The rent for residential premises can be determined either through direct negotiations between the landlord and the tenant, or through collective negotiations between the landlord and a tenant organisation. In practice, an individual tenant rarely negotiates; it is almost always a tenants' organisation. The tenants’ organisation protects tenants’ rights and is almost always affiliated to the Swedish Union of Tenants. An ordinary tenancy will include a negotiation clause that binds the tenant to pay the rent determined at future negotiations. Collective negotiations are normally conducted once a year on the initiative of the landlord.

The rent for residential premises is determined in accordance with the utility value system (Sw. bruksvärdessystemet), which means that the condition and features of the premises – such as location, environment, size and level of modernity – are compared with other similar premises within the same area. The rent is not deemed reasonable if it is considerably higher than the rent for premises with an equivalent utility value. If no agreement is possible, the tenant or the landlord must refer to the Regional Rent Tribunal, which will either mediate or conduct a utility value review to establish the rent for individual apartments. Tenants can always require a utility value review for the rent of their own apartment. This also applies in cases where the rent is determined through collective negotiations. If the rent is found to be too high, the landlord must in future follow the rent determined by the Regional Rent Tribunal. A landlord and the tenants' union for where the property is located can agree that the rent could exceed the utility value. The rules are applicable to buildings that are newly produced and part of already existing buildings, which have been rebuilt with residential premises. Such agreement must include all of the residential premises within the new building or all of the residential premises in the part of the building that has been rebuilt. The main purpose of this is to assure a landlord that the rent will cover the costs for the premises if a dispute arises in the Regional Rent Tribunal regarding the rent.

A tenant’s insolvency has no effect on the lease if the tenant continues to pay the applicable rent and rent surcharges in due time. If the tenant neglects to pay the rent, the lease may be forfeited.

Depending on the tenant and his or her financial strength, a landlord may, in order to secure the tenant’s fulfilment of its obligations under the lease agreement, request a bank guarantee, a rent deposit or a parent company guarantee. Such a guarantee should be delivered to the landlord prior to the tenant taking possession of the premises.

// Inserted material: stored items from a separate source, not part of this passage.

lemma abs_div_sub_one_lt:
  fixes u v t \<eta> \<delta> :: real
  assumes v: "\<bar>v - u\<bar> \<le> 4 * \<eta> * u" and u: "0 \<le> u" and t: "\<bar>u / t - 1\<bar> < \<delta>"
    and \<delta>: "\<delta> \<le> 1/2" and \<eta>: "0 \<le> \<eta>"
  shows "\<bar>v / t - 1\<bar> < 6 * \<eta> + \<delta>"
proof -
  have "\<bar>u / t\<bar> \<le> 3/2"
    using t \<delta> by linarith
  have "\<bar>v / t - u / t\<bar> = \<bar>v - u\<bar> / \<bar>t\<bar>"
    by (simp add: diff_divide_distrib[symmetric] abs_divide)
  also have "\<dots> \<le> 4 * \<eta> * u / \<bar>t\<bar>"
    using v by (simp add: divide_right_mono)
  also have "\<dots> = 4 * \<eta> * \<bar>u / t\<bar>"
    using u by (simp add: abs_divide)
  also have "\<dots> \<le> 4 * \<eta> * (3/2)"
    using \<open>\<bar>u / t\<bar> \<le> 3/2\<close> \<eta> by (intro mult_left_mono) simp_all
  finally show ?thesis
    using t by linarith
qed

lemma ennreal_divide_divide_cancel:
  fixes X :: ennreal and c m :: real
  assumes "0 < c" "0 < m"
  shows "X / ennreal c / ennreal (m / c) = X / ennreal m"
  using assms by (cases X) (simp_all add: divide_ennreal ennreal_top_divide)

lemma ennreal_between_reals:
  fixes X :: ennreal
  assumes "ennreal a \<le> X" "X \<le> ennreal b" "0 \<le> b"
  shows "X = ennreal (enn2real X)" "a \<le> enn2real X" "enn2real X \<le> b"
proof -
  have "X < top" using assms(2) ennreal_less_top[of b] by (rule le_less_trans)
  then show X: "X = ennreal (enn2real X)" by simp
  have "ennreal a \<le> ennreal (enn2real X)"
    using assms(1) X by simp
  then show "a \<le> enn2real X"
    by (simp add: ennreal_le_iff enn2real_nonneg)
  show "enn2real X \<le> b"
    by (rule enn2real_leI[OF assms(3,2)])
qed

section \<open>Time laws as integrals against the kernel\<close>

lemma sets_Tlaw [simp]: "sets (Tlaw K B) = sets borel"
  unfolding Tlaw_def by simp

lemma nn_integral_Tlaw:
  assumes snd: "snd \<in> K \<rightarrow>\<^sub>M borel" and B: "B \<times> {0..} \<in> sets K"
    and g: "g \<in> borel_measurable borel"
  shows "(\<integral>\<^sup>+t. g t \<partial>Tlaw K B) = (\<integral>\<^sup>+z. g (snd z) * indicator (B \<times> {0..}) z \<partial>K) / ennreal (Pk K B)"
proof -
  have dens: "(\<lambda>z. indicator (B \<times> {0..}) z / ennreal (Pk K B)) \<in> borel_measurable K"
    using B by measurable
  have snd': "snd \<in> density K (\<lambda>z. indicator (B \<times> {0..}) z / ennreal (Pk K B)) \<rightarrow>\<^sub>M borel"
    using snd by (subst measurable_cong_sets[OF sets_density refl])
  have "(\<integral>\<^sup>+t. g t \<partial>Tlaw K B)
      = (\<integral>\<^sup>+z. g (snd z) \<partial>density K (\<lambda>z. indicator (B \<times> {0..}) z / ennreal (Pk K B)))"
    unfolding Tlaw_def by (rule nn_integral_distr[OF snd']) (use g in simp)
  also have "\<dots> = (\<integral>\<^sup>+z. (g (snd z) * indicator (B \<times> {0..}) z) / ennreal (Pk K B) \<partial>K)"
    by (subst nn_integral_density[OF dens])
      (simp_all add: ennreal_times_divide mult.commute measurable_compose[OF snd g])
  also have "\<dots> = (\<integral>\<^sup>+z. g (snd z) * indicator (B \<times> {0..}) z \<partial>K) / ennreal (Pk K B)"
    by (rule nn_integral_divide)
      (intro borel_measurable_times_ennreal measurable_compose[OF snd g] borel_measurable_indicator B)
  finally show ?thesis .
qed

lemma ET_eq_nn_integral:
  assumes snd: "snd \<in> K \<rightarrow>\<^sub>M borel" and B: "B \<times> {0..} \<in> sets K"
  shows "ET K B = enn2real ((\<integral>\<^sup>+z. ennreal (snd z) * indicator (B \<times> {0..}) z \<partial>K) / ennreal (Pk K B))"
proof -
  have "(\<lambda>z. indicator {..<0::real} (snd z) * indicator (B \<times> {0..}) z) = (\<lambda>z. 0::ennreal)"
    by (auto simp: indicator_def fun_eq_iff)
  then have "(\<integral>\<^sup>+t. indicator {..<0} t \<partial>Tlaw K B) = 0"
    by (subst nn_integral_Tlaw[OF snd B]) simp_all
  then have "emeasure (Tlaw K B) {..<0} = 0"
    by simp
  then have "AE t in Tlaw K B. 0 \<le> t"
    by (intro AE_I'[of "{..<0}"]) auto
  then have "ET K B = enn2real (\<integral>\<^sup>+t. ennreal t \<partial>Tlaw K B)"
    unfolding ET_def
    by (intro integral_eq_nn_integral) (auto simp: measurable_cong_sets[OF sets_Tlaw refl])
  also have "(\<integral>\<^sup>+t. ennreal t \<partial>Tlaw K B)
      = (\<integral>\<^sup>+z. ennreal (snd z) * indicator (B \<times> {0..}) z \<partial>K) / ennreal (Pk K B)"
    by (rule nn_integral_Tlaw[OF snd B]) simp
  finally show ?thesis .
qed

lemma ET_nonneg:
  assumes "snd \<in> K \<rightarrow>\<^sub>M borel" and "B \<times> {0..} \<in> sets K"
  shows "0 \<le> ET K B"
  unfolding ET_eq_nn_integral[OF assms] by (simp add: enn2real_nonneg)

lemma VarT_eq_nn_integral:
  assumes "snd \<in> K \<rightarrow>\<^sub>M borel" and "B \<times> {0..} \<in> sets K"
  shows "VarT K B
    = (\<integral>\<^sup>+z. ennreal ((snd z - ET K B)\<^sup>2) * indicator (B \<times> {0..}) z \<partial>K) / ennreal (Pk K B)"
  unfolding VarT_def by (rule nn_integral_Tlaw[OF assms]) simp

section \<open>Reweighted time laws\<close>

text \<open>Assumption time_law says that the time to B' under L is distributed as the time to B
  under K reweighted by the density w.\<close>

locale reweighted_time_law =
  fixes K :: "('b \<times> real) measure" and B :: "'b set"
    and L :: "('c \<times> real) measure" and B' :: "'c set"
    and w :: "'b \<Rightarrow> real" and c w0 \<eta> :: real
  assumes snd_K: "snd \<in> K \<rightarrow>\<^sub>M borel" and B_K: "B \<times> {0..} \<in> sets K"
    and finite_K: "finite_measure K"
    and snd_L: "snd \<in> L \<rightarrow>\<^sub>M borel" and B'_L: "B' \<times> {0..} \<in> sets L"
    and time_law: "\<And>g. g \<in> borel_measurable borel \<Longrightarrow>
      (\<integral>\<^sup>+z. g (snd z) * indicator (B' \<times> {0..}) z \<partial>L)
      = (\<integral>\<^sup>+z. ennreal (w (fst z)) * g (snd z) * indicator (B \<times> {0..}) z \<partial>K) / ennreal c"
    and c_pos: "0 < c" and Pk_K_pos: "0 < Pk K B"
    and w0_pos: "0 < w0" and \<eta>_nonneg: "0 \<le> \<eta>" and \<eta>_le: "\<eta> \<le> 1/2"
    and w_close: "\<And>y. y \<in> B \<Longrightarrow> \<bar>w y / w0 - 1\<bar> \<le> \<eta>"
begin

definition moment :: "(real \<Rightarrow> ennreal) \<Rightarrow> ennreal" where
  "moment g = (\<integral>\<^sup>+z. g (snd z) * indicator (B \<times> {0..}) z \<partial>K)"

definition weighted_moment :: "(real \<Rightarrow> ennreal) \<Rightarrow> ennreal" where
  "weighted_moment g = (\<integral>\<^sup>+z. ennreal (w (fst z)) * g (snd z) * indicator (B \<times> {0..}) z \<partial>K)"

lemma w_between:
  assumes "y \<in> B"
  shows "w0 * (1 - \<eta>) \<le> w y \<and> w y \<le> w0 * (1 + \<eta>)"
proof -
  have "1 - \<eta> \<le> w y / w0" "w y / w0 \<le> 1 + \<eta>"
    using w_close[OF assms] by (auto simp: abs_le_iff)
  then show ?thesis
    using w0_pos by (simp add: pos_le_divide_eq pos_divide_le_eq mult.commute)
qed

lemma weighted_moment_bounds:
  assumes g: "g \<in> borel_measurable borel"
  shows "ennreal (w0 * (1 - \<eta>)) * moment g \<le> weighted_moment g"
    and "weighted_moment g \<le> ennreal (w0 * (1 + \<eta>)) * moment g"
proof -
  have g_K: "(\<lambda>z. g (snd z) * indicator (B \<times> {0..}) z) \<in> borel_measurable K"
    using measurable_compose[OF snd_K g] B_K by measurable
  show "ennreal (w0 * (1 - \<eta>)) * moment g \<le> weighted_moment g"
    unfolding moment_def weighted_moment_def nn_integral_cmult[OF g_K, symmetric]
  proof (rule nn_integral_mono)
    fix z :: "'b \<times> real"
    show "ennreal (w0 * (1 - \<eta>)) * (g (snd z) * indicator (B \<times> {0..}) z)
      \<le> ennreal (w (fst z)) * g (snd z) * indicator (B \<times> {0..}) z"
      using w_between[of "fst z"]
      by (cases "z \<in> B \<times> {0..}") (auto simp: mult.assoc intro!: mult_right_mono ennreal_leI)
  qed
  show "weighted_moment g \<le> ennreal (w0 * (1 + \<eta>)) * moment g"
    unfolding moment_def weighted_moment_def nn_integral_cmult[OF g_K, symmetric]
  proof (rule nn_integral_mono)
    fix z :: "'b \<times> real"
    show "ennreal (w (fst z)) * g (snd z) * indicator (B \<times> {0..}) z
      \<le> ennreal (w0 * (1 + \<eta>)) * (g (snd z) * indicator (B \<times> {0..}) z)"
      using w_between[of "fst z"]
      by (cases "z \<in> B \<times> {0..}") (auto simp: mult.assoc intro!: mult_right_mono ennreal_leI)
  qed
qed

lemma weighted_moment_real:
  assumes g: "g \<in> borel_measurable borel" and m: "moment g = ennreal m" "0 \<le> m"
  shows "weighted_moment g = ennreal (enn2real (weighted_moment g))"
    and "w0 * (1 - \<eta>) * m \<le> enn2real (weighted_moment g)"
    and "enn2real (weighted_moment g) \<le> w0 * (1 + \<eta>) * m"
proof -
  have "ennreal (w0 * (1 - \<eta>) * m) \<le> weighted_moment g"
    "weighted_moment g \<le> ennreal (w0 * (1 + \<eta>) * m)"
    using weighted_moment_bounds[OF g] m w0_pos \<eta>_nonneg \<eta>_le by (simp_all add: ennreal_mult)
  from ennreal_between_reals[OF this]
  show "weighted_moment g = ennreal (enn2real (weighted_moment g))"
    "w0 * (1 - \<eta>) * m \<le> enn2real (weighted_moment g)"
    "enn2real (weighted_moment g) \<le> w0 * (1 + \<eta>) * m"
    using m w0_pos \<eta>_nonneg by simp_all
qed

lemma moment_one: "moment (\<lambda>_. 1) = ennreal (Pk K B)"
  using finite_measure.emeasure_eq_measure[OF finite_K] B_K
  by (simp add: moment_def Pk_def)

definition mass :: real where
  "mass = enn2real (weighted_moment (\<lambda>_. 1))"

lemma weighted_moment_one: "weighted_moment (\<lambda>_. 1) = ennreal mass"
  and mass_between: "w0 * (1 - \<eta>) * Pk K B \<le> mass" "mass \<le> w0 * (1 + \<eta>) * Pk K B"
  using weighted_moment_real[of "\<lambda>_. 1" "Pk K B"] moment_one Pk_K_pos
  by (simp_all add: mass_def)

lemma mass_pos: "0 < mass"
proof -
  have "0 < w0 * (1 - \<eta>) * Pk K B"
    using w0_pos \<eta>_le Pk_K_pos by simp
  then show ?thesis
    using mass_between(1) by linarith
qed

lemma Pk_L_eq_mass: "Pk L B' = mass / c"
proof -
  have "emeasure L (B' \<times> {0..}) = (\<integral>\<^sup>+z. 1 * indicator (B' \<times> {0..}) z \<partial>L)"
    using B'_L by simp
  also have "\<dots> = ennreal mass / ennreal c"
    using time_law[of "\<lambda>_. 1"] weighted_moment_one by (simp add: weighted_moment_def)
  also have "\<dots> = ennreal (mass / c)"
    using mass_pos c_pos by (simp add: divide_ennreal)
  finally show ?thesis
    using mass_pos c_pos by (simp add: Pk_def measure_def)
qed

lemma ET_K_eq_moment: "ET K B = enn2real (moment ennreal / ennreal (Pk K B))"
  unfolding ET_eq_nn_integral[OF snd_K B_K] moment_def ..

lemma VarT_K_eq_moment: "VarT K B = moment (\<lambda>t. ennreal ((t - ET K B)\<^sup>2)) / ennreal (Pk K B)"
  unfolding VarT_eq_nn_integral[OF snd_K B_K] moment_def ..

lemma ET_L_eq_weighted_moment: "ET L B' = enn2real (weighted_moment ennreal / ennreal mass)"
proof -
  have "ET L B' = enn2real (weighted_moment ennreal / ennreal c / ennreal (mass / c))"
    unfolding ET_eq_nn_integral[OF snd_L B'_L] Pk_L_eq_mass weighted_moment_def
    by (subst time_law) simp_all
  then show ?thesis
    unfolding ennreal_divide_divide_cancel[OF c_pos mass_pos] .
qed

lemma VarT_L_eq_weighted_moment: "VarT L B' = weighted_moment (\<lambda>t. ennreal ((t - ET L B')\<^sup>2)) / ennreal mass"
proof -
  have "VarT L B'
      = weighted_moment (\<lambda>t. ennreal ((t - ET L B')\<^sup>2)) / ennreal c / ennreal (mass / c)"
    unfolding VarT_eq_nn_integral[OF snd_L B'_L] Pk_L_eq_mass weighted_moment_def
    by (subst time_law) simp_all
  then show ?thesis
    unfolding ennreal_divide_divide_cancel[OF c_pos mass_pos] .
qed


lemma ET_K_nonneg: "0 \<le> ET K B"
  by (rule ET_nonneg[OF snd_K B_K])

text \<open>Since enn2real \<top> = 0, a nonzero mean rules out an infinite first moment.\<close>

lemma ET_L_close:
  assumes ET_K_nonzero: "ET K B \<noteq> 0"
  shows "\<bar>ET L B' - ET K B\<bar> \<le> 4 * \<eta> * ET K B"
proof -
  have "moment ennreal \<noteq> \<top>"
    using ET_K_eq_moment ET_K_nonzero Pk_K_pos by (auto simp: ennreal_top_divide)
  then obtain m where m: "moment ennreal = ennreal m" "0 \<le> m"
    by (cases "moment ennreal") auto
  have ET_K_val: "ET K B = m / Pk K B"
    using ET_K_eq_moment m Pk_K_pos by (simp add: divide_ennreal)
  define J where "J = enn2real (weighted_moment ennreal)"
  note first = weighted_moment_real[of ennreal m, OF _ m, folded J_def]
  have "0 \<le> J"
    by (simp add: J_def enn2real_nonneg)
  then have ET_L_val: "ET L B' = J / mass"
    using first(1) mass_pos by (simp add: ET_L_eq_weighted_moment divide_ennreal)
  show ?thesis
    unfolding ET_K_val ET_L_val
    using abs_perturbed_quotient_sub_le[OF Pk_K_pos w0_pos \<eta>_nonneg \<eta>_le m(2)] first(2,3) mass_between
    by simp
qed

A tenant to a commercial lease has, as a main rule, an indirect security of tenure if the lease term exceeds nine months. The indirect security of tenure gives the tenant the right to compensation should the landlord terminate the lease at the end of each lease term without due cause (as specifically set out in the Land Code). The same applies should the parties not agree on the terms for a prolongation of the lease following a termination for amended terms and the terms proposed by the landlord are not deemed to be reasonable and conform to market practice. The most common event granting the right for a landlord to terminate an agreement at the end of the relevant term is a major rebuilding/construction, provided that the landlord may offer the tenant with acceptable replacement premises. If a lease agreement is terminated by reference to any of the foregoing and unless, if applicable, the landlord provides acceptable replacement premises, the tenant is entitled to receive a minimum compensation equal to one year of rental payments. The tenant is also entitled to compensation for any economic loss suffered in excess of the minimum compensation. If the tenant has to vacate the premises, unless the tenant has terminated the lease, the tenant may submit a request for respite in vacating the premises to the Regional Rent Tribunal; such respite can be granted for a maximum period of two years.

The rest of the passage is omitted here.